Collected data:

BEGIN

instance
proof
  fix a b c :: "'a sqmat" and r s :: real
  have bl: "bounded_linear ((*v) M)" for M :: "real^'a^'a" by simp
  show "a * b * c = a * (b * c)" by transfer (simp add: matrix_mul_assoc)
  show "1 * a = a" "a * 1 = a" by (transfer, simp)+
  show "(a + b) * c = a * c + b * c" by transfer (simp add: matrix_add_rdistrib)
  show "a * (b + c) = a * b + a * c" by transfer (simp add: matrix_add_ldistrib)
  show "(0::'a sqmat) \<noteq> 1" by transfer (simp add: vec_eq_iff mat_def)
  show "a + b + c = a + (b + c)" "a + b = b + a" "0 + a = a" "- a + a = 0" "a - b = a + - b"
    by (transfer, simp)+
  show "r *\<^sub>R (a + b) = r *\<^sub>R a + r *\<^sub>R b" "(r + s) *\<^sub>R a = r *\<^sub>R a + s *\<^sub>R a"
    "r *\<^sub>R s *\<^sub>R a = (r * s) *\<^sub>R a" "1 *\<^sub>R a = a"
    by (transfer, simp add: scaleR_right_distrib scaleR_left_distrib)+
  show "r *\<^sub>R a * b = r *\<^sub>R (a * b)" "a * r *\<^sub>R b = r *\<^sub>R (a * b)"
    by (transfer, simp add: matrix_scalar_ac scalar_matrix_assoc)+
  show "sgn a = inverse (norm a) *\<^sub>R a" "dist a b = norm (a - b)"
    by (simp_all add: sgn_sqmat_def dist_sqmat_def)
  show "(uniformity :: ('a sqmat \<times> 'a sqmat) filter)
      = (INF e\<in>{0<..}. principal {(x, y). dist x y < e})"
    by (simp add: uniformity_sqmat_def)
  show "open U = (\<forall>x\<in>U. \<forall>\<^sub>F (x', y) in uniformity. x' = x \<longrightarrow> y \<in> U)" for U :: "'a sqmat set"
    by (simp add: open_sqmat_def)
  show "(norm a = 0) = (a = 0)"
    by transfer (use matrix_eq[where B=0] in \<open>auto simp: onorm_eq_0 fun_eq_iff\<close>)
  show "norm (a + b) \<le> norm a + norm b"
  proof transfer
    fix a b :: "real^'a^'a"
    have "(*v) (a + b) = (\<lambda>x. a *v x + b *v x)"
      by (simp add: fun_eq_iff matrix_vector_mult_add_rdistrib)
    then show "onorm ((*v) (a + b)) \<le> onorm ((*v) a) + onorm ((*v) b)"
      using onorm_triangle[OF bl bl] by simp
  qed
  show "norm (r *\<^sub>R a) = \<bar>r\<bar> * norm a"
  proof transfer
    fix r and a :: "real^'a^'a"
    have "(*v) (r *\<^sub>R a) = (\<lambda>x. r *\<^sub>R (a *v x))"
      by (simp add: fun_eq_iff scaleR_matrix_vector_assoc)
    then show "onorm ((*v) (r *\<^sub>R a)) = \<bar>r\<bar> * onorm ((*v) a)"
      using onorm_scaleR[OF bl] by simp
  qed
  show "norm (a * b) \<le> norm a * norm b"
  proof transfer
    fix a b :: "real^'a^'a"
    have "(*v) (a ** b) = (*v) a \<circ> (*v) b"
      by (simp add: fun_eq_iff matrix_vector_mul_assoc)
    then show "onorm ((*v) (a ** b)) \<le> onorm ((*v) a) * onorm ((*v) b)"
      using onorm_compose[OF bl bl] by (simp add: mult.commute)
  qed
  show "norm (1::'a sqmat) = 1"
  proof transfer
    have "(*v) (mat 1::real^'a^'a) = (\<lambda>x. x)"
      by (simp add: fun_eq_iff)
    then show "onorm ((*v) (mat 1::real^'a^'a)) = 1"
      using onorm_id by simp
  qed
qed

end

lemma norm_mat_of_sqmat_le:
  "norm (mat_of_sqmat (M::'n::finite sqmat)) \<le> norm M * (CARD('n) * CARD('n))"
proof -
  have "norm (mat_of_sqmat M) \<le> (\<Sum>i\<in>UNIV. norm (mat_of_sqmat M $ i))"
    unfolding norm_vec_def by (rule L2_set_le_sum) auto
  also have "\<dots> \<le> (\<Sum>i\<in>UNIV. \<Sum>j\<in>UNIV. \<bar>mat_of_sqmat M $ i $ j\<bar>)"
    by (intro sum_mono norm_le_l1_cart)
  also have "\<dots> \<le> (\<Sum>i\<in>(UNIV::'n set). \<Sum>j\<in>(UNIV::'n set). norm M)"
    by (intro sum_mono) (simp add: norm_sqmat.rep_eq matrix_component_le_onorm)
  finally show ?thesis by (simp add: algebra_simps)
qed

lemma norm_sqmat_of_mat_le:
  "norm (sqmat_of_mat (M::real^'n::finite^'n)) \<le> norm M * (CARD('n) * CARD('n))"
proof -
  have "norm (sqmat_of_mat M) \<le> (\<Sum>i\<in>(UNIV::'n set). \<Sum>j\<in>(UNIV::'n set). \<bar>M $ i $ j\<bar>)"
    by (simp add: norm_sqmat.rep_eq sqmat_of_mat_inverse onorm_le_matrix_component_sum)
  also have "\<dots> \<le> (\<Sum>i\<in>(UNIV::'n set). \<Sum>j\<in>(UNIV::'n set). norm M)"
    by (intro sum_mono order_trans[OF component_le_norm_cart Finite_Cartesian_Product.norm_nth_le])
  finally show ?thesis by (simp add: algebra_simps)
qed

lemma bounded_linear_mat_of_sqmat: "bounded_linear mat_of_sqmat"
  by (rule bounded_linear_intro[OF _ _ norm_mat_of_sqmat_le])
    (simp_all add: plus_sqmat.rep_eq scaleR_sqmat.rep_eq)

lemma bounded_linear_sqmat_of_mat: "bounded_linear sqmat_of_mat"
  by (rule bounded_linear_intro[OF _ _ norm_sqmat_of_mat_le])
    (simp_all add: plus_sqmat.abs_eq scaleR_sqmat.abs_eq)

instance sqmat :: (finite) banach
proof
  fix X :: "nat \<Rightarrow> 'a sqmat"
  assume "Cauchy X"
  then have "Cauchy (\<lambda>n. mat_of_sqmat (X n))"
    by (rule bounded_linear.Cauchy[OF bounded_linear_mat_of_sqmat])
  then obtain L where "(\<lambda>n. mat_of_sqmat (X n)) \<longlonglongrightarrow> L"
    using Cauchy_convergent_iff convergent_def by blast
  then have "(\<lambda>n. sqmat_of_mat (mat_of_sqmat (X n))) \<longlonglongrightarrow> sqmat_of_mat L"
    by (rule bounded_linear.tendsto[OF bounded_linear_sqmat_of_mat])
  then show "convergent X"
    by (auto simp: mat_of_sqmat_inverse convergent_def)
qed

lemma mat_of_sqmat_power: "mat_of_sqmat (M ^ k) = mat_pow (mat_of_sqmat M) k"
  by (induction k) (simp_all add: mat_pow_def one_sqmat.rep_eq times_sqmat.rep_eq)

lemma sums_mat_of_sqmat_exp:
  "(\<lambda>k. (1 / fact k) *\<^sub>R mat_pow M k) sums mat_of_sqmat (exp (sqmat_of_mat M))"
  using bounded_linear.sums[OF bounded_linear_mat_of_sqmat exp_converges[of "sqmat_of_mat M"]]
  by (simp add: scaleR_sqmat.rep_eq mat_of_sqmat_power sqmat_of_mat_inverse inverse_eq_divide)

lemma mat_exp_sums: "(\<lambda>k. (1 / fact k) *\<^sub>R mat_pow M k) sums mat_exp M"
  unfolding mat_exp_def by (rule summable_sums[OF sums_summable[OF sums_mat_of_sqmat_exp]])

lemma mat_exp_eq_exp: "mat_exp M = mat_of_sqmat (exp (sqmat_of_mat M))"
  using mat_exp_sums sums_mat_of_sqmat_exp sums_unique2 by blast

lemma mat_exp_zero [simp]: "mat_exp (0::real^'n::finite^'n) = mat 1"
  by (simp add: mat_exp_eq_exp zero_sqmat_def[symmetric] one_sqmat.rep_eq)

lemma has_vector_derivative_mat_exp_right:
  "((\<lambda>t. mat_exp (t *\<^sub>R A)) has_vector_derivative mat_exp (t *\<^sub>R A) ** A) (at t within S)"
  using bounded_linear.has_vector_derivative[OF bounded_linear_mat_of_sqmat
      exp_scaleR_has_vector_derivative_right[of "sqmat_of_mat A" t S]]
  by (simp add: mat_exp_eq_exp scaleR_sqmat.abs_eq times_sqmat.rep_eq sqmat_of_mat_inverse)

lemma has_vector_derivative_mat_exp_left:
  "((\<lambda>t. mat_exp (t *\<^sub>R A)) has_vector_derivative A ** mat_exp (t *\<^sub>R A)) (at t within S)"
  using has_vector_derivative_at_within[OF bounded_linear.has_vector_derivative[OF
      bounded_linear_mat_of_sqmat exp_scaleR_has_vector_derivative_left[of "sqmat_of_mat A" t]]]
  by (simp add: mat_exp_eq_exp scaleR_sqmat.abs_eq times_sqmat.rep_eq sqmat_of_mat_inverse)

section \<open>Nonnegativity of the exponential of a Metzler matrix\<close>

lemma mat_exp_add_scalar:
  "mat_exp (M + r *\<^sub>R mat 1) = exp r *\<^sub>R mat_exp (M::real^'n::finite^'n)"
proof -
  have "sqmat_of_mat (M + r *\<^sub>R mat 1) = sqmat_of_mat M + of_real r"
    by (simp add: of_real_def plus_sqmat.abs_eq scaleR_sqmat.abs_eq one_sqmat_def)
  moreover have "exp (sqmat_of_mat M + of_real r) = exp (sqmat_of_mat M) * exp (of_real r)"
    by (rule exp_add_commuting) (simp add: of_real_def)
  moreover have "exp (of_real r :: 'n sqmat) = exp r *\<^sub>R 1"
    using exp_of_real[of r] by (simp add: of_real_def)
  ultimately show ?thesis
    by (simp add: mat_exp_eq_exp scaleR_sqmat.rep_eq)
qed

lemma nonneg_mat_mult: "nonneg_mat M \<Longrightarrow> nonneg_mat N \<Longrightarrow> nonneg_mat (M ** N)"
  unfolding nonneg_mat_def matrix_matrix_mult_def by (auto intro!: sum_nonneg)

lemma nonneg_mat_pow: "nonneg_mat M \<Longrightarrow> nonneg_mat (mat_pow M k)"
  by (induction k) (simp_all add: mat_pow_def nonneg_mat_mult, simp add: nonneg_mat_def mat_def)

lemma nonneg_mat_scaleR: "0 \<le> r \<Longrightarrow> nonneg_mat M \<Longrightarrow> nonneg_mat (r *\<^sub>R M)"
  by (simp add: nonneg_mat_def)

lemma nonneg_mat_exp:
  assumes "nonneg_mat (M::real^'n::finite^'n)"
  shows "nonneg_mat (mat_exp M)"
  unfolding nonneg_mat_def
proof (intro allI)
  fix i j
  have "bounded_linear (\<lambda>N::real^'n^'n. N $ i $ j)"
    using bounded_linear_compose[OF bounded_linear_vec_nth bounded_linear_vec_nth] by blast
  then have sums: "(\<lambda>k. ((1 / fact k) *\<^sub>R mat_pow M k) $ i $ j) sums (mat_exp M $ i $ j)"
    by (rule bounded_linear.sums[OF _ mat_exp_sums])
  have terms_nonneg: "0 \<le> ((1 / fact k) *\<^sub>R mat_pow M k) $ i $ j" for k
    using nonneg_mat_pow[OF assms] by (simp add: nonneg_mat_def)
  show "0 \<le> mat_exp M $ i $ j"
    by (rule sums_le[OF terms_nonneg sums_zero sums])
qed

END

_Activity:_ Exactly as written, repeat each line from the beginning of the data above to the line containing "b) = r *\<^sub>R", inclusive.

_Answer box:_
instance
proof
  fix a b c :: "'a sqmat" and r s :: real
  have bl: "bounded_linear ((*v) M)" for M :: "real^'a^'a" by simp
  show "a * b * c = a * (b * c)" by transfer (simp add: matrix_mul_assoc)
  show "1 * a = a" "a * 1 = a" by (transfer, simp)+
  show "(a + b) * c = a * c + b * c" by transfer (simp add: matrix_add_rdistrib)
  show "a * (b + c) = a * b + a * c" by transfer (simp add: matrix_add_ldistrib)
  show "(0::'a sqmat) \<noteq> 1" by transfer (simp add: vec_eq_iff mat_def)
  show "a + b + c = a + (b + c)" "a + b = b + a" "0 + a = a" "- a + a = 0" "a - b = a + - b"
    by (transfer, simp)+
  show "r *\<^sub>R (a + b) = r *\<^sub>R a + r *\<^sub>R b" "(r + s) *\<^sub>R a = r *\<^sub>R a + s *\<^sub>R a"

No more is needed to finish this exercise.